Task directions
Select the lines below containing the word "dots".

********************

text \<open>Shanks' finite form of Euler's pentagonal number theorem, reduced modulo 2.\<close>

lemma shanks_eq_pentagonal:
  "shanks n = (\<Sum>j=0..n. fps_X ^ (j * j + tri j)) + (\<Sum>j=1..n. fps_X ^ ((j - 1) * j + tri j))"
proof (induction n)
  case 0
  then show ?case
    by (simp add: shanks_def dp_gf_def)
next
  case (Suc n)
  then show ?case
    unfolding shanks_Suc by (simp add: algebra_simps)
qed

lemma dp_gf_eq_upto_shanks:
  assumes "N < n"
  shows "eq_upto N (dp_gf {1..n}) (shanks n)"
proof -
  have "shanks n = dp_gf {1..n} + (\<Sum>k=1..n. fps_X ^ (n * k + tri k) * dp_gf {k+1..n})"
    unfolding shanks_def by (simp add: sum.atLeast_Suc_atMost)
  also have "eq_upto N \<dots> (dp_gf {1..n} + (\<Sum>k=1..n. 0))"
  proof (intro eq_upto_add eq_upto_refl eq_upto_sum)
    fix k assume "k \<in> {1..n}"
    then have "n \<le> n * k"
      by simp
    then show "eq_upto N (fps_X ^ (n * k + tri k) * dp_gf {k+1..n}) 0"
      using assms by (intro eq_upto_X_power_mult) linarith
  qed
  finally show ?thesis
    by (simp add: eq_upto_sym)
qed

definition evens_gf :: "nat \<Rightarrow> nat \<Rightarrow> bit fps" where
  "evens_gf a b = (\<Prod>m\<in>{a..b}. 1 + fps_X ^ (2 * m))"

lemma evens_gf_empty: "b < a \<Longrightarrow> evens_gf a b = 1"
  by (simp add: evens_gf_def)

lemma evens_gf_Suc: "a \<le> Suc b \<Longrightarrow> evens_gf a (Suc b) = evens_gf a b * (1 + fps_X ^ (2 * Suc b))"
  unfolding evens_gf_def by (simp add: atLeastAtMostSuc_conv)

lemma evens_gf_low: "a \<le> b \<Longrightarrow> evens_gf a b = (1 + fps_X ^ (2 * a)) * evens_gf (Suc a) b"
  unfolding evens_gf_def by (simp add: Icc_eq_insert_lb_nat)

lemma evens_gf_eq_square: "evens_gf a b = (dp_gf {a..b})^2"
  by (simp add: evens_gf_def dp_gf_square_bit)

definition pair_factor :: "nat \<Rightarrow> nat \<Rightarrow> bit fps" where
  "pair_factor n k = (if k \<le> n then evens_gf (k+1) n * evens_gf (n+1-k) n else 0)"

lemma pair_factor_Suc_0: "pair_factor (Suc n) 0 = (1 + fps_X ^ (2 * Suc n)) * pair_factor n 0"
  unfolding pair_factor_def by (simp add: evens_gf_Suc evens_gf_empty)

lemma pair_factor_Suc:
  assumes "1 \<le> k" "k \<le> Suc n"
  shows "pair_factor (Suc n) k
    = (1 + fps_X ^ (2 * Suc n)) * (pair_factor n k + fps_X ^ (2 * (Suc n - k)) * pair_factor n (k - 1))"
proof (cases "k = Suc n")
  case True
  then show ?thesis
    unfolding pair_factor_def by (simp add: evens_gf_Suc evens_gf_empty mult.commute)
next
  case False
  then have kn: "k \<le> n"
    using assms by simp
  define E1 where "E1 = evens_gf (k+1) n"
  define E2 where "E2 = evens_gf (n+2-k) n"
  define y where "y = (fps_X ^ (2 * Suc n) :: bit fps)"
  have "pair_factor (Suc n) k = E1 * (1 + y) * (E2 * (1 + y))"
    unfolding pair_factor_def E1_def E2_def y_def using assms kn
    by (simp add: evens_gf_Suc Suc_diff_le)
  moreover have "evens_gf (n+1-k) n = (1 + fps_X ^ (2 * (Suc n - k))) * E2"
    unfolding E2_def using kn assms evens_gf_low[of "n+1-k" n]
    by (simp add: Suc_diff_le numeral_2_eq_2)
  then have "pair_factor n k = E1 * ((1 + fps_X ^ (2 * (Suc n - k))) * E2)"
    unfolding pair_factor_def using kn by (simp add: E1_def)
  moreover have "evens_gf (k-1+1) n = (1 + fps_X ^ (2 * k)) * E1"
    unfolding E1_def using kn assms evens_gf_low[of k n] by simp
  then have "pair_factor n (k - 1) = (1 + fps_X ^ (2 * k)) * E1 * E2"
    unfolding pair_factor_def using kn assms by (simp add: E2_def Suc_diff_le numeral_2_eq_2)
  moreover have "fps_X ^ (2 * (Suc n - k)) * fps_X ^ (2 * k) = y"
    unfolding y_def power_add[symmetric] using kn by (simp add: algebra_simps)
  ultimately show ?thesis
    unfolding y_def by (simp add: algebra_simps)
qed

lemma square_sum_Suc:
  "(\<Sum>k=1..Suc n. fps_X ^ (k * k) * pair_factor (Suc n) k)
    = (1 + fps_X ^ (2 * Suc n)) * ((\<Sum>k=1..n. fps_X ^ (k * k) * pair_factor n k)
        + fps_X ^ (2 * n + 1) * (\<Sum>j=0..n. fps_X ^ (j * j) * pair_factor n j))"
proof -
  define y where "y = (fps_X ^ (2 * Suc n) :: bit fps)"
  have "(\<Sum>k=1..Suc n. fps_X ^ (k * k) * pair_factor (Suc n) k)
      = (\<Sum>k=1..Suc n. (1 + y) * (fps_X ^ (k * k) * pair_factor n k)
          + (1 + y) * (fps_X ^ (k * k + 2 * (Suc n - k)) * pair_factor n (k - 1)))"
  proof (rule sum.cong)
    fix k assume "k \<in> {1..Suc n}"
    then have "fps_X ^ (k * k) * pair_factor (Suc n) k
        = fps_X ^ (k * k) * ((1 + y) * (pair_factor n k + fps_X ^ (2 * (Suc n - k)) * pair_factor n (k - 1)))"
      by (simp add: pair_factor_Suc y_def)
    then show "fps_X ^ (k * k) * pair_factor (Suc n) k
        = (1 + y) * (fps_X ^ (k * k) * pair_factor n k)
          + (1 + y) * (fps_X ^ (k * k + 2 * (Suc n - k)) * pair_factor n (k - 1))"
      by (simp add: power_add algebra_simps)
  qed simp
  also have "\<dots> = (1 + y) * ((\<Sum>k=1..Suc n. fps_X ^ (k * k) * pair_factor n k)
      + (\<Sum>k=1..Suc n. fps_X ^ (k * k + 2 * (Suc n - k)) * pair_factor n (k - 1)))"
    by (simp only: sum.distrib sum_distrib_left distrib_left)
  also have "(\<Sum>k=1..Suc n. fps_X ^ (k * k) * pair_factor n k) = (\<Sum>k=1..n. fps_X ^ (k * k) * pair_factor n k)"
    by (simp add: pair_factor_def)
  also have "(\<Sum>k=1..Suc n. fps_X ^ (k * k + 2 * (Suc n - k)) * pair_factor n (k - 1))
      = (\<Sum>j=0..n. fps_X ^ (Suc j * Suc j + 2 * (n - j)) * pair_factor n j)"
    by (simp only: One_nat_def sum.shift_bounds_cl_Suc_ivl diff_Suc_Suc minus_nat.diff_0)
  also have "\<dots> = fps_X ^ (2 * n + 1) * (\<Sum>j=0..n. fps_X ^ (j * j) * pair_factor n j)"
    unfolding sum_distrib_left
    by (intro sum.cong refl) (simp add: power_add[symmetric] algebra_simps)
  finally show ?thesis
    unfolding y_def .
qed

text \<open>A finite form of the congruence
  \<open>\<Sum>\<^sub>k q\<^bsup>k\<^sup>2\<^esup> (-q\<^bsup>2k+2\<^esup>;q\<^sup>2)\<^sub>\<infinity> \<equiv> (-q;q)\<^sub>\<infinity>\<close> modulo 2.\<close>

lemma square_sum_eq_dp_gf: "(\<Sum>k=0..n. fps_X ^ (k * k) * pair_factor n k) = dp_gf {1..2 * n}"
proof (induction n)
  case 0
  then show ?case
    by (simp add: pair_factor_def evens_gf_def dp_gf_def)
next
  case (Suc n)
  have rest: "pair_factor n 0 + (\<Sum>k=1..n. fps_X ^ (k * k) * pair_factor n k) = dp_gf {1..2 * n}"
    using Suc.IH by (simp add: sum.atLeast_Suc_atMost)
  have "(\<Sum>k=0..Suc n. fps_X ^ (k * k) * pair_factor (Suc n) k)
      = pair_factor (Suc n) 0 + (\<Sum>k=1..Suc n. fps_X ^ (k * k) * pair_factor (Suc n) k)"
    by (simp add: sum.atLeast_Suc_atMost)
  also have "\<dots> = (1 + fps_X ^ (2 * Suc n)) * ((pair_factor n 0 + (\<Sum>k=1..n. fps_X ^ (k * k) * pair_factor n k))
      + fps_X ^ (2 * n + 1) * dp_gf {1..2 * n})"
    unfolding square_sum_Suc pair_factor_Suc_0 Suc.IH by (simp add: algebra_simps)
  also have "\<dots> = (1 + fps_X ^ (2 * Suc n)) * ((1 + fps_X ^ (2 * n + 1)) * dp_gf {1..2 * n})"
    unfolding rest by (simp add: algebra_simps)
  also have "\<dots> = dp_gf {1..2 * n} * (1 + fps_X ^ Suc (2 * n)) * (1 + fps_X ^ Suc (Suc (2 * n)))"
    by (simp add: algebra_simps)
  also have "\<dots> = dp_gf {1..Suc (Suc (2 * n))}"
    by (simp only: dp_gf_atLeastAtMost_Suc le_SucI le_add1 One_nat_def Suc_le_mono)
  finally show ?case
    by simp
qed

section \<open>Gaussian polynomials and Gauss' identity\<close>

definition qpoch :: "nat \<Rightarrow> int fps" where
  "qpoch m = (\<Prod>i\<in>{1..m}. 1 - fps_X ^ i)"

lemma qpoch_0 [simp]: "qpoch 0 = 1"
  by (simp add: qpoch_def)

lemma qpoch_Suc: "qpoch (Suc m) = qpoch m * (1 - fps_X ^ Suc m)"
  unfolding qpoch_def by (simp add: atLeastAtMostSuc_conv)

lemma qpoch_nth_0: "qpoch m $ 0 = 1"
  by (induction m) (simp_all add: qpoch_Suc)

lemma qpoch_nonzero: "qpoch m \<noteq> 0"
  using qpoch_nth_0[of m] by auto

********************

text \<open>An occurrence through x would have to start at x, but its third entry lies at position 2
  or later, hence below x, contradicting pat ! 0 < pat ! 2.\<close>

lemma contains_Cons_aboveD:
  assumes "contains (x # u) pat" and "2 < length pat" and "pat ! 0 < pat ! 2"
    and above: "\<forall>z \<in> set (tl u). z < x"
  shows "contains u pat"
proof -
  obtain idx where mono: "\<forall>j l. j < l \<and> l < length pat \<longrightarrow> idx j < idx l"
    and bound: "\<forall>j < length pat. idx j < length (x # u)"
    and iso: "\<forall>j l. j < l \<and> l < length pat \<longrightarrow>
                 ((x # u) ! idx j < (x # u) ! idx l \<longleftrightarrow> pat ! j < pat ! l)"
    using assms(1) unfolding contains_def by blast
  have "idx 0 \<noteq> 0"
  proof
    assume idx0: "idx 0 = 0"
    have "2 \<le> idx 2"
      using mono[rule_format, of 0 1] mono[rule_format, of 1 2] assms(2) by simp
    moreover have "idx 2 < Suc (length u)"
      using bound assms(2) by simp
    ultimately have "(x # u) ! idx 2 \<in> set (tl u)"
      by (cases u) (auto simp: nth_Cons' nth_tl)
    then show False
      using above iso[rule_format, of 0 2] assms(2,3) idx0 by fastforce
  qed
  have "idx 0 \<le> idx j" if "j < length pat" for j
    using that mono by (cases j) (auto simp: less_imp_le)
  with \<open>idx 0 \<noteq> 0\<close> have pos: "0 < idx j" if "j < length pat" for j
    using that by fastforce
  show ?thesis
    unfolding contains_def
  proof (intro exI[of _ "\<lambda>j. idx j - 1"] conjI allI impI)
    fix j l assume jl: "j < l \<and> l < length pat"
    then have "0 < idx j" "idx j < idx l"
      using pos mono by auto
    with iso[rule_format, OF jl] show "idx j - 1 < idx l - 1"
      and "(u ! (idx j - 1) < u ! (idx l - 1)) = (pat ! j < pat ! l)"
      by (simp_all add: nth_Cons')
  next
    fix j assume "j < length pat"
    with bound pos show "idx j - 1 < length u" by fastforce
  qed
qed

********************

Solution below
  also have "eq_upto N \<dots> (dp_gf {1..n} + (\<Sum>k=1..n. 0))"
  also have "\<dots> = (1 + y) * ((\<Sum>k=1..Suc n. fps_X ^ (k * k) * pair_factor n k)
  also have "\<dots> = fps_X ^ (2 * n + 1) * (\<Sum>j=0..n. fps_X ^ (j * j) * pair_factor n j)"
  also have "\<dots> = (1 + fps_X ^ (2 * Suc n)) * ((pair_factor n 0 + (\<Sum>k=1..n. fps_X ^ (k * k) * pair_factor n k))
  also have "\<dots> = (1 + fps_X ^ (2 * Suc n)) * ((1 + fps_X ^ (2 * n + 1)) * dp_gf {1..2 * n})"
  also have "\<dots> = dp_gf {1..2 * n} * (1 + fps_X ^ Suc (2 * n)) * (1 + fps_X ^ Suc (Suc (2 * n)))"
  also have "\<dots> = dp_gf {1..Suc (Suc (2 * n))}"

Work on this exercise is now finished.